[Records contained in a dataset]
━━━━━━━━━━━━━━━━━━━━

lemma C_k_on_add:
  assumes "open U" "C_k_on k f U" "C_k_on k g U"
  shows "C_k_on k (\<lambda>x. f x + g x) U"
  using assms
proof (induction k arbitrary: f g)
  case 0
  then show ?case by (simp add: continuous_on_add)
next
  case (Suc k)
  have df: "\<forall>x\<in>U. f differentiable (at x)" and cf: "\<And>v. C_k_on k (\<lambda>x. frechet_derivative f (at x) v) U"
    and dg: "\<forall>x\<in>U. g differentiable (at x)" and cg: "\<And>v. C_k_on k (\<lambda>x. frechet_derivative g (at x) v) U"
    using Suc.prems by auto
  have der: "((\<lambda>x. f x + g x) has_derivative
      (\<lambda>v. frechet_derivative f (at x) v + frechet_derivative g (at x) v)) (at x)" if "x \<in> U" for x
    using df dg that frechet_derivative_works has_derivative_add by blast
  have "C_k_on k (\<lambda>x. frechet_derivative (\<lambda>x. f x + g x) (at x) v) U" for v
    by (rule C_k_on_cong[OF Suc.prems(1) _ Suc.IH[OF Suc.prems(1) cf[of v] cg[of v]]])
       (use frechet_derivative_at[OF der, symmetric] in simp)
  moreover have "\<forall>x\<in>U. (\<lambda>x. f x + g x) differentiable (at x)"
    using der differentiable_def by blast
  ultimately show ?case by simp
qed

━━━━━━━━━━━━━━━━━━━━

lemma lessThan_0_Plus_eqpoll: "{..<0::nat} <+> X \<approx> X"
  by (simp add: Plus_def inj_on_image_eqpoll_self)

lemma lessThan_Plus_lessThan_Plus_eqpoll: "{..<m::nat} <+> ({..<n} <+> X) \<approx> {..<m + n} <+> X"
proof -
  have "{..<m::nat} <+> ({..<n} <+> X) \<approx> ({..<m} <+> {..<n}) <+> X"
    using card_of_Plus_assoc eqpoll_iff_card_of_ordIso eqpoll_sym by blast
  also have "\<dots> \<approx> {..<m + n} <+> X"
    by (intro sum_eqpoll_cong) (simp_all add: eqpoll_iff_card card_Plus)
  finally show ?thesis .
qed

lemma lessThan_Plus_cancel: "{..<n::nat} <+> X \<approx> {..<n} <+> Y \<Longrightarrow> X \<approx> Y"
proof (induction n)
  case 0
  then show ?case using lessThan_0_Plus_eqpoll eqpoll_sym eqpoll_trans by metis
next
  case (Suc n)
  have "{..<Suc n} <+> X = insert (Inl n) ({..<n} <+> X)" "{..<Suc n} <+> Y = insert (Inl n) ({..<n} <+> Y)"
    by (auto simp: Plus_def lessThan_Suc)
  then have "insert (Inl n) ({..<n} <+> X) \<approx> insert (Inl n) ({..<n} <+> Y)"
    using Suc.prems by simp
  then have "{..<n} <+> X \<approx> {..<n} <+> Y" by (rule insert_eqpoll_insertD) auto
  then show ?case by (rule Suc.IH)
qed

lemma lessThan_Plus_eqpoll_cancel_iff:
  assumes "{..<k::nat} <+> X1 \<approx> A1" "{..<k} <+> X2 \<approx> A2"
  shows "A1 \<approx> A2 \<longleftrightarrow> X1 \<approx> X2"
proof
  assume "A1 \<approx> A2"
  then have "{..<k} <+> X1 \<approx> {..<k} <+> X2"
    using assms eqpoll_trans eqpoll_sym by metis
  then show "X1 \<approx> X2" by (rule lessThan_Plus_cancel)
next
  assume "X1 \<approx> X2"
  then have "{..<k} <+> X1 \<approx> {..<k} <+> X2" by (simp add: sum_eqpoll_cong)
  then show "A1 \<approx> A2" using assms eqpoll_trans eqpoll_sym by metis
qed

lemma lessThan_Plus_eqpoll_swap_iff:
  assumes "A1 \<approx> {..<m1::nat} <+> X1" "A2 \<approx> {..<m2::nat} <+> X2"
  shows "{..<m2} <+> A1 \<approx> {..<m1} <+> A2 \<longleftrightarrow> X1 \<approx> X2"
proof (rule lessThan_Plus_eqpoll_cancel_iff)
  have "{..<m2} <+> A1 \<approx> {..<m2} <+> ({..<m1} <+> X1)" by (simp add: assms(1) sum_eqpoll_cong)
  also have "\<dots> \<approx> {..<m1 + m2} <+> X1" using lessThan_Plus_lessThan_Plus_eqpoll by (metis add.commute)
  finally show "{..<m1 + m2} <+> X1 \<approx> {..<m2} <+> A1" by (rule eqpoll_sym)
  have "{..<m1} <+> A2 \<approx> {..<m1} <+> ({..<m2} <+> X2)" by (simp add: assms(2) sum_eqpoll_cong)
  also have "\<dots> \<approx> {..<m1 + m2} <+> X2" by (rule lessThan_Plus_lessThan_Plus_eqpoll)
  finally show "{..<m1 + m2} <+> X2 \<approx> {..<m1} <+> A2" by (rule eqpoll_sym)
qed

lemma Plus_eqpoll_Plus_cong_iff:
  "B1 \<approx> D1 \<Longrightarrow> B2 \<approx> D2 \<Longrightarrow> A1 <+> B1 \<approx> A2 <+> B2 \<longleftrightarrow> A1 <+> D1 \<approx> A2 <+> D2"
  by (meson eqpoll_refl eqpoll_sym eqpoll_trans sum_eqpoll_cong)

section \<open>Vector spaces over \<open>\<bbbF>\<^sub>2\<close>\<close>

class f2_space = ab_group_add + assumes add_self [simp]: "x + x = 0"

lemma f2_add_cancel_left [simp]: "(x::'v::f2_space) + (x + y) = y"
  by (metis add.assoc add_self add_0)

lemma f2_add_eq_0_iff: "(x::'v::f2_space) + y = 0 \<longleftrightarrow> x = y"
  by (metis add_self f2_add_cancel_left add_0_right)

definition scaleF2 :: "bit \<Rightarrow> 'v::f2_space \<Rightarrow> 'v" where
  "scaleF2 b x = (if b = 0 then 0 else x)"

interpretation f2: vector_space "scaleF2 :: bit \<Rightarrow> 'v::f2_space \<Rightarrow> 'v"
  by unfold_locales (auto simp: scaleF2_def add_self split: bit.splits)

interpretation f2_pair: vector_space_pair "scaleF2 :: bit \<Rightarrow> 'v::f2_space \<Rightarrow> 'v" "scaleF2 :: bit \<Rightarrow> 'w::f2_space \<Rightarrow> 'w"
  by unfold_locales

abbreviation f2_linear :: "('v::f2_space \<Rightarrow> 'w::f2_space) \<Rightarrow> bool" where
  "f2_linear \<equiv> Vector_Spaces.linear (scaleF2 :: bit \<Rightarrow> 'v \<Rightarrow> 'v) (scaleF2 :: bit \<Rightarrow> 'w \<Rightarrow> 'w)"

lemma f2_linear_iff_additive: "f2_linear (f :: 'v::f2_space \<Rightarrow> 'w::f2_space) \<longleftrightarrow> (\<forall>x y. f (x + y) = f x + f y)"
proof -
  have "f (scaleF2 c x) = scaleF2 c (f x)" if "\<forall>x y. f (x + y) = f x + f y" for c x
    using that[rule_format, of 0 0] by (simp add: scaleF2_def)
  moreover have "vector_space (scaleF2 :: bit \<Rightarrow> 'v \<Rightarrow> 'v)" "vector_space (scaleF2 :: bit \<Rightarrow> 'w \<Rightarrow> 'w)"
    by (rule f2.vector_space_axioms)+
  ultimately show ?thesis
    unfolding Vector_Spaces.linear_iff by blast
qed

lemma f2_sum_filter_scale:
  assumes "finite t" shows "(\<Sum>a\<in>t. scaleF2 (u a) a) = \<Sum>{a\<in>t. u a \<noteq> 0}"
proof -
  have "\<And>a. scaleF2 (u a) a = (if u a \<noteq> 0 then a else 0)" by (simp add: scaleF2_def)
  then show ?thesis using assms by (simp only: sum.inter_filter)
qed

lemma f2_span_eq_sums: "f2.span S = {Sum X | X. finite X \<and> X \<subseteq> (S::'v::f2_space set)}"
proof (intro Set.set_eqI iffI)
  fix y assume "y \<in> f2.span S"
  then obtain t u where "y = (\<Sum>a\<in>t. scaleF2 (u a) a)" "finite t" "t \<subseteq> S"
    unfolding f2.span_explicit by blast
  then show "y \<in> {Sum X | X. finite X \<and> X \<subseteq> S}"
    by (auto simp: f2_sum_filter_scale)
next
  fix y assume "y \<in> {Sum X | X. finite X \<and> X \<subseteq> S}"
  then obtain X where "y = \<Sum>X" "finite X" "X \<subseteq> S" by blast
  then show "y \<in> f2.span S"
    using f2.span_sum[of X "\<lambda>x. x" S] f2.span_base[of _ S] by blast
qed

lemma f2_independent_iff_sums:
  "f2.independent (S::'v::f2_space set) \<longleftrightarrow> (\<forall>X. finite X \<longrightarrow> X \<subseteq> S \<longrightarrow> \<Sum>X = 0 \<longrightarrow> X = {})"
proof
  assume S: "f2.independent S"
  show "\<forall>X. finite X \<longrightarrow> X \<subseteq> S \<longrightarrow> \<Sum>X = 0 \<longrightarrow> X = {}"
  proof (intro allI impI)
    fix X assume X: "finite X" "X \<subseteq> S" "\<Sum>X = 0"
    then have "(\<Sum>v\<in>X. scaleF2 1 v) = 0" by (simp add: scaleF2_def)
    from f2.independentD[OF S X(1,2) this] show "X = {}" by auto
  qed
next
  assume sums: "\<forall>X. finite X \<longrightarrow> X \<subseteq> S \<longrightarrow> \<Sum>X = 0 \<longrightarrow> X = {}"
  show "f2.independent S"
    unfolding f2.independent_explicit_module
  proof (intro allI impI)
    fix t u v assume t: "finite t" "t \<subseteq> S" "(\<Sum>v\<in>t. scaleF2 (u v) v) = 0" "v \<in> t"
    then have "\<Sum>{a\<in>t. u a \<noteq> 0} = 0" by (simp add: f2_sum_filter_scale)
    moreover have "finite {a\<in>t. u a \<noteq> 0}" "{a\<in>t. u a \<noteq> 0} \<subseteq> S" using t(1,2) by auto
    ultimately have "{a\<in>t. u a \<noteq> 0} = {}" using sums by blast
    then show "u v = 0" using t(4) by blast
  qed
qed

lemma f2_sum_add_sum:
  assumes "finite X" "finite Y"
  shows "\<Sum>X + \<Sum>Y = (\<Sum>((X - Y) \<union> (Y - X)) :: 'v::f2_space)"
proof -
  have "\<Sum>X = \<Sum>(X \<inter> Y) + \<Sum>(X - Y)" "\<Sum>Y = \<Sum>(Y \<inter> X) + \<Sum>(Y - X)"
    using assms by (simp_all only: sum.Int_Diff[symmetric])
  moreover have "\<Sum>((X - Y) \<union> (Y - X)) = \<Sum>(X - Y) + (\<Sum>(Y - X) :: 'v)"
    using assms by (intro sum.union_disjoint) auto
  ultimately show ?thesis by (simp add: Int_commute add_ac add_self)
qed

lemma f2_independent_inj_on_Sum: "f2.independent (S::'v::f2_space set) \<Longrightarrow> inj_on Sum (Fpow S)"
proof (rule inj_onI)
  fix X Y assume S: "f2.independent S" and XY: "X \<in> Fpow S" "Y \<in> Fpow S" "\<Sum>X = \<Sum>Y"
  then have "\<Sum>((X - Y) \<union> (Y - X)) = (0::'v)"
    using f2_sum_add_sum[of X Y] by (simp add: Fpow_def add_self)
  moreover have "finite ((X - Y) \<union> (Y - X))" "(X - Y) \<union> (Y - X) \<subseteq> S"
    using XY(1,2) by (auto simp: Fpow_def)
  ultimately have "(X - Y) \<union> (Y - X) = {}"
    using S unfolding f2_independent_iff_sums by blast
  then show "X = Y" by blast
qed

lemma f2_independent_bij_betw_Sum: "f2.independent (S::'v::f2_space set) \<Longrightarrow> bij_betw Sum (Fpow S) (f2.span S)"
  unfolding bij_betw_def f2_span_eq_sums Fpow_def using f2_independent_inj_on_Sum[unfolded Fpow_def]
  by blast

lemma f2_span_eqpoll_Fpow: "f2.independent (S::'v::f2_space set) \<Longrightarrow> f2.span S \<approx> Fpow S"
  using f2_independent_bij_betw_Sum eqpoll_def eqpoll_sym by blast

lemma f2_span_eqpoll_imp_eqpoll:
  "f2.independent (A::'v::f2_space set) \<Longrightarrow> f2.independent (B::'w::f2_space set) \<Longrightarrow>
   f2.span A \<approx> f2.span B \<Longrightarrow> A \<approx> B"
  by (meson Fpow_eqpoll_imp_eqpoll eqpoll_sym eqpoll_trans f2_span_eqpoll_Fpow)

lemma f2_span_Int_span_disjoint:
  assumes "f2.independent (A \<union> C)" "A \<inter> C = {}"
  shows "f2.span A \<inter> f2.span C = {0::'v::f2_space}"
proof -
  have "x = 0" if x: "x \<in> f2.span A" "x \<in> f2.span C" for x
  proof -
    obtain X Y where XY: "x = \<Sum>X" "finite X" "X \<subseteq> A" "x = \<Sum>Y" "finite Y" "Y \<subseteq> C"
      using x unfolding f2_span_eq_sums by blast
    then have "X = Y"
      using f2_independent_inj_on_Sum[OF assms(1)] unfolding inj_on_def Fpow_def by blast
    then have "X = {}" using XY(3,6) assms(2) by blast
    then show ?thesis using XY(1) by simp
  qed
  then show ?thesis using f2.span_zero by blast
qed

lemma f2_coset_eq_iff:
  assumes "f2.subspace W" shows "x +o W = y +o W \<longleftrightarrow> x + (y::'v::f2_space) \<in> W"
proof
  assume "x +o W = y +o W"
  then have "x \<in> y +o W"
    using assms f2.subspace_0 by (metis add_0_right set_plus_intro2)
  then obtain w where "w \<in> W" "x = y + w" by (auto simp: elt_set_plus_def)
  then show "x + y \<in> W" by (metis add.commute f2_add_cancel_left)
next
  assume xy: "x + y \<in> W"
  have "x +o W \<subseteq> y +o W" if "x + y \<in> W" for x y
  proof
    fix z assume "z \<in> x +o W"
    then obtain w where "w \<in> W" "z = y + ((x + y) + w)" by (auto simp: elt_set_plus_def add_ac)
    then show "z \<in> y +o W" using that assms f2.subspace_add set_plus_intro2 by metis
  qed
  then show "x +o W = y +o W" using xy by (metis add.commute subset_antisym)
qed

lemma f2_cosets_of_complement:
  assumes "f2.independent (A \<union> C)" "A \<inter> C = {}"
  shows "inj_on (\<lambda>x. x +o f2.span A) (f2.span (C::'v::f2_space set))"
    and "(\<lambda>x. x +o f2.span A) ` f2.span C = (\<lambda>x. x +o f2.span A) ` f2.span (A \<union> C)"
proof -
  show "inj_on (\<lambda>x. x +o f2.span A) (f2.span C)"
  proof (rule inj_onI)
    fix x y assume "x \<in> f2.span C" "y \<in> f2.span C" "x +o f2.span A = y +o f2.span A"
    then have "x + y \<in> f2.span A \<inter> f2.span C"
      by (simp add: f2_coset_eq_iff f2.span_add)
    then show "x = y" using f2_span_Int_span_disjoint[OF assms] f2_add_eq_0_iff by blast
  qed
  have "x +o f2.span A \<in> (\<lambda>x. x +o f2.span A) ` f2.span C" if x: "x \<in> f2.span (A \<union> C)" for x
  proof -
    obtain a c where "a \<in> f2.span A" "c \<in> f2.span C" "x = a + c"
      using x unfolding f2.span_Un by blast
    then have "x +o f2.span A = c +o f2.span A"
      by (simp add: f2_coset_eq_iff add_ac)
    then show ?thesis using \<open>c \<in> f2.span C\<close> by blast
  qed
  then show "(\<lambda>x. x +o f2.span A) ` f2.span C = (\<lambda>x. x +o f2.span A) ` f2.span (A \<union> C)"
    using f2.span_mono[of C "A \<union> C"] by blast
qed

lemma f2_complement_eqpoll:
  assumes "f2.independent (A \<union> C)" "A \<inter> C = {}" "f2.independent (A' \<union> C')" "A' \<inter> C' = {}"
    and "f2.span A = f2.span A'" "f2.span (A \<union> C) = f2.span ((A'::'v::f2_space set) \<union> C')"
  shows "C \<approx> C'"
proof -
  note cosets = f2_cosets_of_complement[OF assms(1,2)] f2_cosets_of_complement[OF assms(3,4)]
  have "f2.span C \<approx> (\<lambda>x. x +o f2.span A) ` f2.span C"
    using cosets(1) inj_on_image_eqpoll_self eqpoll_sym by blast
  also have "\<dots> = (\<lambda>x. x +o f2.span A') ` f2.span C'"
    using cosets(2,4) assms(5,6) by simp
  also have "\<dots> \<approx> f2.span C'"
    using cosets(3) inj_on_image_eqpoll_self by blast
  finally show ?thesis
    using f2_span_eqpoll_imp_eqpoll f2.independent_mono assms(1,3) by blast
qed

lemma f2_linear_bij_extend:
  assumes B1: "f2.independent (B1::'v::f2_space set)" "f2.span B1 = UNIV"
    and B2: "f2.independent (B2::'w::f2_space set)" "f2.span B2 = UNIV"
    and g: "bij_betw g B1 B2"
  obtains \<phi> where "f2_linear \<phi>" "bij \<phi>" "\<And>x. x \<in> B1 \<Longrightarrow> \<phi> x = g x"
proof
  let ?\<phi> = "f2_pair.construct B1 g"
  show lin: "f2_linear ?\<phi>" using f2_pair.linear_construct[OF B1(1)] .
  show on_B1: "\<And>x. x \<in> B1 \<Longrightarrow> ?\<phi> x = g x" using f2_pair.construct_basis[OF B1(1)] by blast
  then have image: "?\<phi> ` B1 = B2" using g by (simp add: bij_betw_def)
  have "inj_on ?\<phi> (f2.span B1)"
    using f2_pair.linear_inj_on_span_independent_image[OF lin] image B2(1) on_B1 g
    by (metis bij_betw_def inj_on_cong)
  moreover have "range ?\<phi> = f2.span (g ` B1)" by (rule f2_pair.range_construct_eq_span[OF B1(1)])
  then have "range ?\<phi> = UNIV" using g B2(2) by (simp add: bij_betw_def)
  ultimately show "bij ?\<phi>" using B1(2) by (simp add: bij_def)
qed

━━━━━━━━━━━━━━━━━━━━

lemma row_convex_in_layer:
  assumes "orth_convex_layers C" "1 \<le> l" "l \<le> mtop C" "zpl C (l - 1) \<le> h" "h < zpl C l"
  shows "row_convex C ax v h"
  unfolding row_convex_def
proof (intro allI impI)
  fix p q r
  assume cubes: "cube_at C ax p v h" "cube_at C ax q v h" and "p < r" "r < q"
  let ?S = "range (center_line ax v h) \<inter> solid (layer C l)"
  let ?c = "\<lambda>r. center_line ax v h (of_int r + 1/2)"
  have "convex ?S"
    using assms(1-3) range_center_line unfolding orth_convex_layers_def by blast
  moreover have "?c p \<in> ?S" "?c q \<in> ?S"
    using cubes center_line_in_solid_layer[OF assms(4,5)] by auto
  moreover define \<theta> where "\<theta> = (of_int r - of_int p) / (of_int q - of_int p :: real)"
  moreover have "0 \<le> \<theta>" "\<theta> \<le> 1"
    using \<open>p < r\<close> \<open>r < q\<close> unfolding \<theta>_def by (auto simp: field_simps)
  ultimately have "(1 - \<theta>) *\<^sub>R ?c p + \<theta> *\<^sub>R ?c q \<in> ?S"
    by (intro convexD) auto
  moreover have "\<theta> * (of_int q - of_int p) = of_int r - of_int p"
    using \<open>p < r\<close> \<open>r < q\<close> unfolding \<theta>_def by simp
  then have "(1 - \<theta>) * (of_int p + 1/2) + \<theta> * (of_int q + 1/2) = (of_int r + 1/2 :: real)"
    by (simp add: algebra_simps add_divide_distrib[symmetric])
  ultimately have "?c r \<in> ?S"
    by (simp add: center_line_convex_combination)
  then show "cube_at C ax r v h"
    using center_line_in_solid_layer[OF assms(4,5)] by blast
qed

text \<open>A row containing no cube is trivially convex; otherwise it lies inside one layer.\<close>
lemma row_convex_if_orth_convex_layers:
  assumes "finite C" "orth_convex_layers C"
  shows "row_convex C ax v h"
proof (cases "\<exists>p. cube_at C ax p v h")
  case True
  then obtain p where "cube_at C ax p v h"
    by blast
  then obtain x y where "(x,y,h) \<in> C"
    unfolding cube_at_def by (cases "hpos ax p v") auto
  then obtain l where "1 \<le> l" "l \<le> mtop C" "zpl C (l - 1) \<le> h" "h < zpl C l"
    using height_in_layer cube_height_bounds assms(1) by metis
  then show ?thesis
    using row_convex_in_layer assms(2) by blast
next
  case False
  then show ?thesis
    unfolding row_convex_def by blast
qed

━━━━━━━━━━━━━━━━━━━━

• Problem details: Which lines of the data include "induction"? Copy each of them.

• Exercise answer:
proof (induction k arbitrary: f g)
proof (induction n)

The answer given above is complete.